**TASK ITEM:**
How many lines of the data contain "interpret"? Reply with the number alone.

**EXERCISE DATA:**
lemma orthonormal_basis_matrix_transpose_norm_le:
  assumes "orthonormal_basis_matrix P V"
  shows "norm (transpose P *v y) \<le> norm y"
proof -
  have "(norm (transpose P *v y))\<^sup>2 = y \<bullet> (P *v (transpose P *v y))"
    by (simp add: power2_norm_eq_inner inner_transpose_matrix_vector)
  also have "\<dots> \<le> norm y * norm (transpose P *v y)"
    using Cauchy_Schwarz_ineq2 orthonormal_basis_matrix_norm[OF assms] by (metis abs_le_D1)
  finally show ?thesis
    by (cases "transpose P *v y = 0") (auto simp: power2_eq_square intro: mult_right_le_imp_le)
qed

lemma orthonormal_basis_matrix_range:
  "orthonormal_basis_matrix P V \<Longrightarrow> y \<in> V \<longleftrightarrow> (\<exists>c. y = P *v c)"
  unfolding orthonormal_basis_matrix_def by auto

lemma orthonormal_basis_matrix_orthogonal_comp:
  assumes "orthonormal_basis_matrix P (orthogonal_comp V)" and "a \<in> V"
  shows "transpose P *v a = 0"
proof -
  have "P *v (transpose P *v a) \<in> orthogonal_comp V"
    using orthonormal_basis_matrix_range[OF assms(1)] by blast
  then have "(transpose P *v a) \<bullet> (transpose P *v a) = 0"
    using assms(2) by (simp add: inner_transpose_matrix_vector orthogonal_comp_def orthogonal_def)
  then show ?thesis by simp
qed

* * *

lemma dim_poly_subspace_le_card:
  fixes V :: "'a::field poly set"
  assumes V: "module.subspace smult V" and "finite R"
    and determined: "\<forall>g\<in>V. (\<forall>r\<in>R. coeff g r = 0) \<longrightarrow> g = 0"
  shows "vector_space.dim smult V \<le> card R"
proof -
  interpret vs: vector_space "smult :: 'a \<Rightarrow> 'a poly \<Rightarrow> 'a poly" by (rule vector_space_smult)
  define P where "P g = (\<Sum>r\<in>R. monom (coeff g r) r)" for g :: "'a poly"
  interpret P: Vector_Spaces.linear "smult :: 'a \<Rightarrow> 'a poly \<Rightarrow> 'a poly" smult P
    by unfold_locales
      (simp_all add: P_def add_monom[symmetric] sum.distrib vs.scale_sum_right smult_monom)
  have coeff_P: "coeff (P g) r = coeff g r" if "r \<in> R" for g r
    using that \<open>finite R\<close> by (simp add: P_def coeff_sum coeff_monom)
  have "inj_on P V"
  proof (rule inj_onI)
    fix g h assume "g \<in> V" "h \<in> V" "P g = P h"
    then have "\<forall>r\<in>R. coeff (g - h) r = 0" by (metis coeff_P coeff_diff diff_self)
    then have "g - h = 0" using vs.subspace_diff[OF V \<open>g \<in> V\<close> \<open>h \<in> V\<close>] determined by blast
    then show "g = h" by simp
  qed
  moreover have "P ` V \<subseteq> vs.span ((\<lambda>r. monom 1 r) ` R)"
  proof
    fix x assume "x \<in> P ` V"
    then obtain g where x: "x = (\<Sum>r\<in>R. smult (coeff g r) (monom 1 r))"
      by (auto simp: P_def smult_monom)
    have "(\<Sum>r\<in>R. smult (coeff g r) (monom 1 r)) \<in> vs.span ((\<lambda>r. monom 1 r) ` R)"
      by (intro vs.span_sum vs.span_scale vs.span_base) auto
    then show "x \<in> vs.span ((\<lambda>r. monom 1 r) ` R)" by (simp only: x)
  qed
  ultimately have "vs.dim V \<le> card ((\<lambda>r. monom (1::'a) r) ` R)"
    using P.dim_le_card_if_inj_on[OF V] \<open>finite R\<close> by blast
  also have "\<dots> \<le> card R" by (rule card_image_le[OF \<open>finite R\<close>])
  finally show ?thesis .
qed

**WRITTEN ANSWER:**
2